::: The data :::

(* Let $F(\theta)$ be the vertical federated learning (SplitNN) training objective over the concatenated parameter vector $\theta=(\theta_1,\dots,\theta_K)$, where $\theta_k$ is the parameter block of party $k\in\{1,\dots,K\}$ (clients $1,\dots,K-1$ and server $K$), and assume $F(\theta)\ge 0$ for all $\theta$. Suppose: (i) ($L$-smoothness) for all $x,y$, $F(y)\le F(x)+\langle\nabla F(x),y-x\rangle+\frac{L}{2}\|y-x\|^2$; (ii) (variance) for each $k$, the mini-batch gradient $\nabla_{\theta_k}\mathcal{L}$ is an unbiased estimate of $\nabla_{\theta_k}F(\theta)$ and $\mathbb{E}\|\nabla_{\theta_k}\mathcal{L}-\nabla_{\theta_k}F(\theta)\|^2\le\Gamma$; (iii) (perturbation) for each $k$, the adversarially perturbed gradient $\nabla^a_{\theta_k}\mathcal{L}$ satisfies $\mathbb{E}\|\nabla^a_{\theta_k}\mathcal{L}-\nabla_{\theta_k}\mathcal{L}\|^2\le\delta(\rho)$, where $\delta(\rho)\ge 0$ is a constant depending on a connectivity parameter $\rho$ of the adversaries' graph. Consider the backdoored iterates $\theta_k^{(t+1)}=\theta_k^{(t)}-\eta^{(t)}\nabla^a_{\theta_k^{(t)}}\mathcal{L}$ for all $k$ and $t=0,1,\dots,T-1$, with common learning rates $\eta_1^{(t)}=\dots=\eta_K^{(t)}=\eta^{(t)}$ satisfying $0<\eta^{(t)}\le\frac{1}{4L}$. Then \[ \min_{t\in\{0,\dots,T-1\}}\mathbb{E}\|\nabla F(\theta^{(t)})\|^2\le 4\frac{F(\theta^{(0)})}{\sum_{t=0}^{T-1}\eta^{(t)}}+4\frac{\sum_{t=0}^{T-1}(\eta^{(t)})^2}{\sum_{t=0}^{T-1}\eta^{(t)}}\bigl(KL\Gamma+KL\delta(\rho)\bigr)+2K\delta(\rho). \]
   Context: Vertical federated learning setting: a dataset of $N$ samples whose features are partitioned among clients $k=1,\dots,K-1$; client $k$ has an embedding model $f_k(\cdot;\theta_k)$ and the server $K$ holds the labels and a top model $\phi_K(\cdot;\theta_K)$. The objective is $F(\theta)=\frac1N\sum_{i=1}^N\mathcal{L}\bigl(y_i,\phi_K(\{f_k(x_k^{(i)};\theta_k)\}_{k=1}^{K-1};\theta_K)\bigr)$ with a loss $\mathcal{L}$ (e.g. cross-entropy). In each round a mini-batch is sampled and $\nabla_{\theta_k}\mathcal{L}$ denotes the mini-batch gradient with respect to block $\theta_k$; adversarial (backdoor) clients cause the gradients actually used in updates to be perturbed versions $\nabla^a_{\theta_k}\mathcal{L}$. Expectations are over mini-batch sampling and the perturbation. *)

theory Defs
  imports "HOL-Probability.Probability"
begin

text \<open>The full parameter vector theta lives in a Euclidean space 'p. The block
structure theta = (theta_1, ..., theta_K) is given by a map own assigning each
standard basis vector (coordinate) to the party owning it. block_proj own k x
is the k-th block of x (embedded back into 'p, other coordinates zero).\<close>

definition block_proj :: "('p::euclidean_space \<Rightarrow> nat) \<Rightarrow> nat \<Rightarrow> 'p \<Rightarrow> 'p" where
  "block_proj own k x = (\<Sum>b\<in>Basis. if own b = k then (x \<bullet> b) *\<^sub>R b else 0)"

text \<open>G is an unbiased estimate of h(X): G is integrable and its conditional
expectation given the current iterate X equals h(X) almost surely
(coordinatewise, since conditional expectation in the library is real-valued).\<close>

definition cond_unbiased ::
  "'a measure \<Rightarrow> ('a \<Rightarrow> 'p) \<Rightarrow> ('a \<Rightarrow> 'p::euclidean_space) \<Rightarrow> ('p \<Rightarrow> 'p) \<Rightarrow> bool" where
  "cond_unbiased M X G h \<longleftrightarrow>
     (\<forall>b\<in>Basis. integrable M (\<lambda>\<omega>. G \<omega> \<bullet> b) \<and>
       (AE \<omega> in M. real_cond_exp M (vimage_algebra (space M) X borel) (\<lambda>\<omega>. G \<omega> \<bullet> b) \<omega>
                    = h (X \<omega>) \<bullet> b))"

end

theory Submission
  imports Defs
begin

text \<open>Write a for the true gradient at the current iterate, e for the sampling error and d for the
adversarial perturbation, so that the update direction is a + e + d. Smoothness together with
2 a\<bullet>d \<ge> -|a|^2 - |d|^2 and |a + e + d|^2 \<le> 2|a + e|^2 + 2|d|^2 bounds the decrease of F along one
step pointwise. In expectation the cross term a\<bullet>e vanishes, because a is a function of the current
iterate and e has conditional mean zero given it; the squared norms of e and d split into K block
contributions, each bounded by \<Gamma> resp. \<delta>(\<rho>). With L \<eta> \<le> 1/4 this leaves
\<eta>/4 E|\<nabla>F(\<theta>_t)|^2 \<le> E F(\<theta>_t) - E F(\<theta>_t+1) + L \<eta>^2 K (\<Gamma> + \<delta>) + \<eta>/2 K \<delta>;
summing over t, telescoping, using F \<ge> 0 and bounding the weighted average from below by the minimum
gives the claim.\<close>

lemma borel_measurable_gradient:
  fixes F :: "'p::euclidean_space \<Rightarrow> real"
  assumes grad: "\<forall>x. GDERIV F x :> gradF x"
  shows "F \<in> borel_measurable borel" and "gradF \<in> borel_measurable borel"
proof -
  have "continuous_on UNIV F"
    using grad by (meson continuous_at_imp_continuous_on has_derivative_continuous gderiv_def)
  then show F_meas[measurable]: "F \<in> borel_measurable borel"
    by (rule borel_measurable_continuous_onI)
  have "filterlim (\<lambda>n. inverse (real (Suc n))) (at_right 0) sequentially"
    by (rule tendsto_imp_filterlim_at_right) (use LIMSEQ_inverse_real_of_nat in auto)
  then have h_lim: "filterlim (\<lambda>n. inverse (real (Suc n))) (at 0) sequentially"
    by (rule filterlim_mono) (auto simp: at_within_le_at)
  \<comment> \<open>each partial derivative is a pointwise limit of measurable difference quotients\<close>
  have "(\<lambda>x. gradF x \<bullet> b) \<in> borel_measurable borel" if "b \<in> Basis" for b
  proof (rule borel_measurable_LIMSEQ_real)
    fix x :: 'p
    have "((\<lambda>t. x + t *\<^sub>R b) has_derivative (\<lambda>t. t *\<^sub>R b)) (at 0)"
      by (auto intro!: derivative_eq_intros)
    moreover have "(F has_derivative (\<lambda>h. h \<bullet> gradF x)) (at (x + 0 *\<^sub>R b))"
      using grad by (simp add: gderiv_def)
    ultimately have "((\<lambda>t. F (x + t *\<^sub>R b)) has_derivative (\<lambda>t. (t *\<^sub>R b) \<bullet> gradF x)) (at 0)"
      by (rule has_derivative_compose)
    then have "((\<lambda>t. F (x + t *\<^sub>R b)) has_field_derivative (gradF x \<bullet> b)) (at 0)"
      by (simp add: has_field_derivative_def inner_commute mult.commute[of _ "b \<bullet> gradF x"])
    then have "((\<lambda>h. (F (x + h *\<^sub>R b) - F x) / h) \<longlongrightarrow> gradF x \<bullet> b) (at 0)"
      by (simp add: DERIV_def)
    from filterlim_compose[OF this h_lim]
    show "(\<lambda>n. (F (x + inverse (real (Suc n)) *\<^sub>R b) - F x) / inverse (real (Suc n)))
        \<longlonglongrightarrow> gradF x \<bullet> b"
      by simp
  qed measurable
  then show "gradF \<in> borel_measurable borel"
    by (subst borel_measurable_euclidean_space) auto
qed

lemma inner_block_proj:
  assumes "b \<in> Basis"
  shows "block_proj own k x \<bullet> b = (if own b = k then x \<bullet> b else 0)"
proof -
  have "block_proj own k x \<bullet> b = (\<Sum>c\<in>Basis. if c = b \<and> own b = k then x \<bullet> b else 0)"
    unfolding block_proj_def inner_sum_left
    using assms by (intro sum.cong) (auto simp: inner_Basis)
  then show ?thesis
    using assms by (simp add: sum.delta)
qed

lemma block_proj_diff: "block_proj own k (x - y) = block_proj own k x - block_proj own k y"
  unfolding block_proj_def sum_subtractf[symmetric]
  by (intro sum.cong) (auto simp: inner_diff_left scaleR_diff_left)

lemma norm_sq_eq_sum_block_proj:
  fixes x :: "'p::euclidean_space"
  assumes "finite I" and "\<forall>b\<in>Basis. own b \<in> I"
  shows "(norm x)\<^sup>2 = (\<Sum>k\<in>I. (norm (block_proj own k x))\<^sup>2)"
proof -
  have norm_sq: "(norm y)\<^sup>2 = (\<Sum>b\<in>Basis. (y \<bullet> b)\<^sup>2)" for y :: 'p
    unfolding power2_norm_eq_inner by (subst euclidean_inner) (simp add: power2_eq_square)
  have "(\<Sum>k\<in>I. (norm (block_proj own k x))\<^sup>2)
      = (\<Sum>k\<in>I. \<Sum>b\<in>Basis. if own b = k then (x \<bullet> b)\<^sup>2 else 0)"
    by (intro sum.cong refl) (simp add: norm_sq inner_block_proj if_distrib[of "\<lambda>z. z\<^sup>2"] cong: if_cong)
  also have "\<dots> = (\<Sum>b\<in>Basis. \<Sum>k\<in>I. if own b = k then (x \<bullet> b)\<^sup>2 else 0)"
    by (rule sum.swap)
  also have "\<dots> = (norm x)\<^sup>2"
    using assms by (simp add: norm_sq sum.delta')
  finally show ?thesis
    by (rule sym)
qed
lemma construction_cell: "x < 3 \<Longrightarrow> y < n \<Longrightarrow> construction n (x, y) = cells (kind n y) ! x"
  by (simp add: construction_def)

lemma construction_dominated:
  assumes n: "n \<ge> 3" and xy: "x < 3" "y < n" and empty: "construction n (x, y) = {}"
  shows "(if 0 < x then construction n (x - 1, y) else {}) \<union>
         (if 0 < y then construction n (x, y - 1) else {}) = {1..3}"
proof (cases "y = 0")
  case True
  then show ?thesis
    using empty xy kind_0[OF n] by (auto simp: construction_cell dest!: less_3_cases)
next
  case False
  have "follows (kind n (y - 1)) (kind n y)"
    using kind_follows[OF n, of "y - 1"] xy False by simp
  moreover have "cells (kind n y) ! x = {}"
    using empty xy by (simp add: construction_cell)
  moreover have "(if 0 < x then construction n (x - 1, y) else {}) \<union>
      (if 0 < y then construction n (x, y - 1) else {}) =
      (if 0 < x then cells (kind n y) ! (x - 1) else {}) \<union> cells (kind n (y - 1)) ! x"
    using xy False by (simp add: construction_cell)
  ultimately show ?thesis
    using follows_dominates xy(1) by metis
qed

lemma construction_supported:
  assumes n: "n \<ge> 3" and xy: "x < 3" "y < n" and nonempty: "construction n (x, y) \<noteq> {}"
  shows "(0 < x \<and> construction n (x - 1, y) \<noteq> {}) \<or> (x + 1 < 3 \<and> construction n (x + 1, y) \<noteq> {}) \<or>
         (0 < y \<and> construction n (x, y - 1) \<noteq> {}) \<or> (y + 1 < n \<and> construction n (x, y + 1) \<noteq> {})"
proof (cases "y = 0")
  case True
  then show ?thesis
    using cells_Ones_supported[OF xy(1)] kind_0[OF n] xy by (auto simp: construction_cell)
next
  case False
  then have "follows (kind n (y - 1)) (kind n y)"
    using kind_follows[OF n, of "y - 1"] xy by simp
  from follows_supported[OF this xy(1)] nonempty
  consider "(0 < x \<and> cells (kind n y) ! (x - 1) \<noteq> {}) \<or> (x + 1 < 3 \<and> cells (kind n y) ! (x + 1) \<noteq> {}) \<or>
      cells (kind n (y - 1)) ! x \<noteq> {}" | "kind n y = Gap" "x = 2"
    using xy by (auto simp: construction_cell)
  then show ?thesis
  proof cases
    case 1
    then show ?thesis
      using xy False by (auto simp: construction_cell)
  next
    case 2
    then have "y + 1 < n"
      using kind_last[OF n] xy by (cases "y = n - 1") auto
    then have "cells (kind n (y + 1)) ! 2 \<noteq> {}"
      using follows_Gap kind_follows[OF n] 2 by metis
    then show ?thesis
      using 2 \<open>y + 1 < n\<close> by (auto simp: construction_cell)
  qed
qed

lemma construction_total_rainbow_dom:
  assumes "n \<ge> 3"
  shows "total_rainbow_dom (grid_verts 3 n) (grid_arcs 3 n) 3 (construction n)"
  unfolding total_rainbow_dom_grid_iff
proof (intro conjI allI impI)
  fix v
  assume "v \<notin> grid_verts 3 n"
  then show "construction n v = {}"
    by (auto simp: construction_def grid_verts_eq split: if_splits)
next
  fix x y :: nat
  assume "x < 3" "y < n"
  then show "construction n (x, y) \<subseteq> {1..3}"
    using cells_subset[of x "kind n y"] by (simp add: construction_cell)
qed (use assms construction_dominated construction_supported in blast)+

definition kind_weight :: "column_kind \<Rightarrow> nat" where
  "kind_weight k = (\<Sum>x<3. card (cells k ! x))"

lemma kind_weight_simps [simp]:
  "kind_weight Ones = 3" "kind_weight Split = 3" "kind_weight Gap = 2"
  "kind_weight Heavy = 4" "kind_weight Last = 2"
  by (simp_all add: kind_weight_def eval_nat_numeral)

lemma periodic_weight_sum: "(\<Sum>y<m. kind_weight (periodic_kind y)) = (8 * m + 2) div 3"
proof (induction m)
  case (Suc m)
  have "m mod 3 = 0 \<or> m mod 3 = 1 \<or> m mod 3 = 2"
    by presburger
  then show ?case
    using Suc by (auto simp: periodic_kind_def) presburger+
qed simp

lemma rd_weight_construction:
  assumes n: "n \<ge> 3"
  shows "rd_weight (grid_verts 3 n) (construction n) = (8 * n + 3) div 3"
proof -
  have "rd_weight (grid_verts 3 n) (construction n) = (\<Sum>y<n. kind_weight (kind n y))"
    by (simp add: rd_weight_grid kind_weight_def construction_def)
  also have "\<dots> = (8 * n + 3) div 3"
  proof (cases "n mod 3 = 1")
    case True
    then have "(\<Sum>y<n. kind_weight (kind n y)) = (\<Sum>y<n. kind_weight (periodic_kind y))"
      by (simp add: kind_def)
    then show ?thesis
      using True by (simp add: periodic_weight_sum) presburger
  next
    case False
    define m where "m = n - 2"
    have "n = Suc (Suc m)"
      using n by (simp add: m_def)
    moreover have "kind n y = periodic_kind y" if "y < m" for y
    proof -
      have "y \<noteq> n - 2" "y \<noteq> n - 1"
        using that by (auto simp: m_def)
      then show ?thesis
        by (simp add: kind_def)
    qed
    moreover have "kind n m = Heavy" "kind n (Suc m) = Last"
      using False n by (auto simp: kind_def m_def)
    ultimately have "(\<Sum>y<n. kind_weight (kind n y)) = (\<Sum>y<m. kind_weight (periodic_kind y)) + 6"
      by simp
    then show ?thesis
      using False \<open>n = Suc (Suc m)\<close> by (simp add: periodic_weight_sum) presburger
  qed
  finally show ?thesis .
qed

lemma ceiling_eight_thirds: "\<lceil>8 * real n / 3\<rceil> = int ((8 * n + 2) div 3)"
proof -
  have "\<lceil>8 * real n / 3\<rceil> = - (- (8 * int n) div 3)"
    using ceiling_divide_eq_div[of "8 * int n" 3] by simp
  also have "\<dots> = int ((8 * n + 2) div 3)"
    by presburger
  finally show ?thesis .
qed

theorem proposition4p12:
  fixes n :: nat
  assumes "n \<ge> 3"
  shows "gamma_trk (cart_verts (path_verts 3) (path_verts n))
                   (cart_arcs (path_verts 3) (path_arcs 3) (path_verts n) (path_arcs n)) 3
         = (if n mod 3 = 0 then nat \<lceil>8 * real n / 3\<rceil> + 1 else nat \<lceil>8 * real n / 3\<rceil>)"
proof -
  have "gamma_trk (grid_verts 3 n) (grid_arcs 3 n) 3 = (8 * n + 3) div 3"
  proof (rule gamma_trk_eqI)
    show "total_rainbow_dom (grid_verts 3 n) (grid_arcs 3 n) 3 (construction n)"
      using assms by (rule construction_total_rainbow_dom)
    show "rd_weight (grid_verts 3 n) (construction n) = (8 * n + 3) div 3"
      using assms by (rule rd_weight_construction)
  next
    fix g
    assume "total_rainbow_dom (grid_verts 3 n) (grid_arcs 3 n) 3 g"
    then have "8 * n + 1 \<le> 3 * rd_weight (grid_verts 3 n) g"
      using assms by (intro rd_weight_grid_lower_bound) auto
    then show "(8 * n + 3) div 3 \<le> rd_weight (grid_verts 3 n) g"
      by presburger
  qed
  then show ?thesis
    unfolding ceiling_eight_thirds nat_int by presburger
qed

end
(* Let $K$ be a $b$-complete idempotent semiring, $X$ a nonempty set, and $V$ a $b$-complete functional semimodule on $X$. Then $V$ is a functional $b$-semimodule on $X$ (i.e., a $b$-subsemimodule of $K(X)$) if and only if every integral operator $A\colon V\to W$, for every $b$-complete semimodule $W$ over $K$, is $b$-linear.
   Context: Idempotent semigroup: commutative, associative, idempotent $\oplus$ with order $x\preceq y$ iff $x\oplus y=y$; $\oplus X$ least upper bound; $b$-complete: every bounded above subset (incl. $\emptyset$) has a least upper bound. A homomorphism of $b$-complete semigroups is a $b$-homomorphism if it preserves least upper bounds of bounded above subsets. Idempotent semiring: idempotent commutative associative $\oplus$, associative $\odot$ bi-distributive, unit $\mathbf 1$, zero $\mathbf 0$; $b$-complete if $b$-complete and $k\odot(\oplus X)=\oplus(k\odot X)$, $(\oplus X)\odot k=\oplus(X\odot k)$ for bounded $X$. Idempotent semimodule over $K$: idempotent semigroup with associative bi-distributive $K$-action, $\mathbf 1\odot x=x$, $\mathbf 0\odot x=\mathbf 0$; $b$-complete if $b$-complete as semigroup and $(\oplus Q)\odot x=\oplus(Q\odot x)$, $k\odot(\oplus X)=\oplus(k\odot X)$ for bounded $Q,X$. A map is linear if it preserves $\oplus$ and scalar multiplication; $b$-linear if moreover a $b$-homomorphism. A subsemimodule is a subset closed under $\oplus$ and scalar multiplication; a subsemimodule of a $b$-complete semimodule is a $b$-subsemimodule if the embedding is a $b$-homomorphism. If $W$ is $b$-complete and $V\subset W$ is closed under scalar multiplication and an upper semilattice in the induced order, $V$ is a quasisubsemimodule if it is a semimodule under $x\oplus_V y=$ least upper bound of $\{x,y\}$ in $V$. $K(X)$: all maps $X\to K$, pointwise operations. A functional semimodule on $X$ is a quasisubsemimodule of $K(X)$; $b$-complete if it is a $b$-complete semimodule; a functional $b$-semimodule if it is a $b$-subsemimodule of $K(X)$. A mapping $A\colon V\to W$ is an integral operator if there is a map $k\colon X\to W$ (kernel) such that for every $f\in V$ the set $\{f(x)\odot k(x)\mid x\in X\}$ is bounded in $W$ and $Af=\sup_{x\in X}(f(x)\odot k(x))$. *)

theory Defs
  imports Main
begin

definition lep :: "('a \<Rightarrow> 'a \<Rightarrow> 'a) \<Rightarrow> 'a \<Rightarrow> 'a \<Rightarrow> bool" where
  "lep p x y \<longleftrightarrow> p x y = y"

definition is_lub :: "'a set \<Rightarrow> ('a \<Rightarrow> 'a \<Rightarrow> 'a) \<Rightarrow> 'a set \<Rightarrow> 'a \<Rightarrow> bool" where
  "is_lub S p A u \<longleftrightarrow> u \<in> S \<and> (\<forall>a\<in>A. lep p a u) \<and>
     (\<forall>v\<in>S. (\<forall>a\<in>A. lep p a v) \<longrightarrow> lep p u v)"
lemma psd_block_mat_bound:
  assumes "psd (n + N) (block_mat n U X Y)"
  shows "2 * (\<Sum>p<n. \<Sum>m<N. a p * X p m * b m) - qform N Y b \<le> qform n U a"
proof -
  define v where "v i = (if i < n then a i else b (i - n))" for i
  have "(\<Sum>m<N. \<Sum>j<n. b m * - X j m * a j) = - (\<Sum>p<n. \<Sum>m<N. a p * X p m * b m)"
    by (subst sum.swap) (simp add: sum_negf mult_ac)
  then have "qform (n + N) (block_mat n U X Y) v
      = qform n U a - 2 * (\<Sum>p<n. \<Sum>m<N. a p * X p m * b m) + qform N Y b"
    unfolding qform_def sum_lessThan_add_nat
    by (simp add: v_def block_mat_def sum.distrib sum_negf sum_subtractf)
  moreover have "qform (n + N) (block_mat n U X Y) v \<ge> 0"
    using assms unfolding psd_def by blast
  ultimately show ?thesis by linarith
qed

lemma bilinear_kron_colstack:
  "(\<Sum>p<n. \<Sum>m<d * k. a p * X p m * mvec k (kron k k (colv u) idm) z m)
     = (\<Sum>r<d * n. mvec n (kron n n (colv u) idm) a r * mvec k (colstack n (hblock k X)) z r)"
proof (cases "n = 0 \<or> k = 0")
  case True
  then show ?thesis by (auto simp: mvec_def)
next
  case False
  have "(\<Sum>p<n. \<Sum>m<d * k. a p * X p m * mvec k (kron k k (colv u) idm) z m)
      = (\<Sum>p<n. \<Sum>i<d. \<Sum>q<k. u i * (a p * X p (i * k + q) * z q))"
    unfolding sum_lessThan_mult_nat using False
    by (intro sum.cong refl) (simp add: mvec_kron_colv_idm mult_ac)
  also have "\<dots> = (\<Sum>i<d. \<Sum>p<n. u i * (\<Sum>q<k. a p * X p (i * k + q) * z q))"
    by (subst sum.swap) (simp add: sum_distrib_left)
  also have "\<dots> = (\<Sum>r<d * n. mvec n (kron n n (colv u) idm) a r * mvec k (colstack n (hblock k X)) z r)"
    unfolding sum_lessThan_mult_nat using False
    by (intro sum.cong refl)
      (simp add: mvec_kron_colv_idm, simp add: mvec_def colstack_def hblock_def sum_distrib_left mult_ac)
  finally show ?thesis .
qed

lemma psd_block_mat_kron_bound:
  assumes "psd (n + d * k) (block_mat n U X Y)"
  shows "2 * (\<Sum>r<d * n. mvec n (kron n n (colv u) idm) a r * mvec k (colstack n (hblock k X)) z r)
           - qform k (mmul (d * k) (mmul (d * k) (kron k k (rowv u) idm) Y) (kron k k (colv u) idm)) z
         \<le> qform n U a"
  using psd_block_mat_bound[OF assms, of a "mvec k (kron k k (colv u) idm) z"]
  by (simp add: bilinear_kron_colstack kron_rowv_idm qform_congruence)

lemma qform_symmetrized_product:
  "qform k (\<lambda>i j. mmul D (mtrans A) B i j + mmul D (mtrans B) A i j - C i j) z
     = 2 * (\<Sum>r<D. mvec k A z r * mvec k B z r) - qform k C z"
proof -
  have "qform k (\<lambda>i j. mmul D (mtrans A) B i j + mmul D (mtrans B) A i j - C i j) z
      = qform k (mmul D (mtrans A) B) z + qform k (mmul D (mtrans B) A) z - qform k C z"
    unfolding qform_def by (simp add: algebra_simps sum.distrib sum_subtractf)
  then show ?thesis
    by (simp add: qform_mmul_mtrans mult.commute)
qed

lemma set_integral_sum:
  fixes f :: "'i \<Rightarrow> 'a \<Rightarrow> 'b::{banach, second_countable_topology}"
  assumes "\<And>i. i \<in> I \<Longrightarrow> set_integrable M A (f i)"
  shows "set_integrable M A (\<lambda>x. \<Sum>i\<in>I. f i x)"
    and "(LINT x:A|M. (\<Sum>i\<in>I. f i x)) = (\<Sum>i\<in>I. LINT x:A|M. f i x)"
  using assms unfolding set_integrable_def set_lebesgue_integral_def
  by (simp_all add: scaleR_sum_right integral_sum)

:::

Task details: Keeping every character as it is, restate the lines above that run from the line with "fix x :: 'p" through the line with "x) / inverse (real (Suc n)))", both included, and nothing else.

Response area:
    fix x :: 'p
    have "((\<lambda>t. x + t *\<^sub>R b) has_derivative (\<lambda>t. t *\<^sub>R b)) (at 0)"
      by (auto intro!: derivative_eq_intros)
    moreover have "(F has_derivative (\<lambda>h. h \<bullet> gradF x)) (at (x + 0 *\<^sub>R b))"
      using grad by (simp add: gderiv_def)
    ultimately have "((\<lambda>t. F (x + t *\<^sub>R b)) has_derivative (\<lambda>t. (t *\<^sub>R b) \<bullet> gradF x)) (at 0)"
      by (rule has_derivative_compose)
    then have "((\<lambda>t. F (x + t *\<^sub>R b)) has_field_derivative (gradF x \<bullet> b)) (at 0)"
      by (simp add: has_field_derivative_def inner_commute mult.commute[of _ "b \<bullet> gradF x"])
    then have "((\<lambda>h. (F (x + h *\<^sub>R b) - F x) / h) \<longlongrightarrow> gradF x \<bullet> b) (at 0)"
      by (simp add: DERIV_def)
    from filterlim_compose[OF this h_lim]
    show "(\<lambda>n. (F (x + inverse (real (Suc n)) *\<^sub>R b) - F x) / inverse (real (Suc n)))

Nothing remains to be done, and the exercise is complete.